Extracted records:
+-------+

lemma voronoi_cell_connected:
  assumes p: "p \<in> F"
  shows "induces_connected V E (voronoi_cell V E w loc rad F p)"
  unfolding induces_connected_def
proof (intro conjI ballI)
  let ?M = "voronoi_cell V E w loc rad F p"
  show "?M \<noteq> {}"
    using loc_subset_voronoi_cell[OF p] loc_nonempty[OF p] by blast
  show MV: "?M \<subseteq> V"
    by (auto simp: voronoi_cell_def)
  have to_loc: "\<exists>P. P \<in> walks_between V E {u} {last P} \<and> last P \<in> loc p \<and> set P \<subseteq> ?M"
    if u: "u \<in> ?M" for u
  proof -
    obtain P where "shortest_path_to V E w u (loc p) P"
      using shortest_path_to_exists u MV loc_subset[OF p] loc_nonempty[OF p] by blast
    then show ?thesis
      using shortest_path_to_subset_voronoi_cell[OF p u]
      by (auto simp: shortest_path_to_def walks_between_def)
  qed
  fix u v assume u: "u \<in> ?M" and v: "v \<in> ?M"
  obtain Pu where Pu: "Pu \<in> walks_between V E {u} {last Pu}" "last Pu \<in> loc p" "set Pu \<subseteq> ?M"
    using to_loc[OF u] by blast
  obtain Pv where Pv: "Pv \<in> walks_between V E {v} {last Pv}" "last Pv \<in> loc p" "set Pv \<subseteq> ?M"
    using to_loc[OF v] by blast
  obtain C where "is_walk V E C" "hd C = last Pu" "last C = last Pv" and CL: "set C \<subseteq> loc p"
    using loc_connected[OF p] Pu(2) Pv(2) unfolding induces_connected_def by blast
  then have C: "C \<in> walks_between V E {last Pu} {last Pv}"
    by (simp add: walks_between_def)
  have CM: "set C \<subseteq> ?M"
    using CL loc_subset_voronoi_cell[OF p] by (rule subset_trans)
  have J1: "Pu @ tl C \<in> walks_between V E {u} {last Pv}" "set (Pu @ tl C) \<subseteq> ?M"
    using walks_between_join(1,3)[OF Pu(1) C] Pu(3) CM by auto
  have J: "(Pu @ tl C) @ tl (rev Pv) \<in> walks_between V E {u} {v}"
      "set ((Pu @ tl C) @ tl (rev Pv)) \<subseteq> ?M"
    using walks_between_join(1,3)[OF J1(1) rev_walks_between[OF Pv(1)]] J1(2) Pv(3) by auto
  then show "\<exists>P. is_walk V E P \<and> hd P = u \<and> last P = v \<and> set P \<subseteq> ?M"
    unfolding walks_between_def by blast
qed

end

+-------+

▸ PROMPT
What you return must be the lines above that run from the line with "by (simp add: walks_between_def)" to the line with "tl (rev Pv))", inclusive, each copied exactly.

▸ SOLUTION TO THIS PROBLEM
    by (simp add: walks_between_def)
  have CM: "set C \<subseteq> ?M"
    using CL loc_subset_voronoi_cell[OF p] by (rule subset_trans)
  have J1: "Pu @ tl C \<in> walks_between V E {u} {last Pv}" "set (Pu @ tl C) \<subseteq> ?M"
    using walks_between_join(1,3)[OF Pu(1) C] Pu(3) CM by auto
  have J: "(Pu @ tl C) @ tl (rev Pv) \<in> walks_between V E {u} {v}"
      "set ((Pu @ tl C) @ tl (rev Pv)) \<subseteq> ?M"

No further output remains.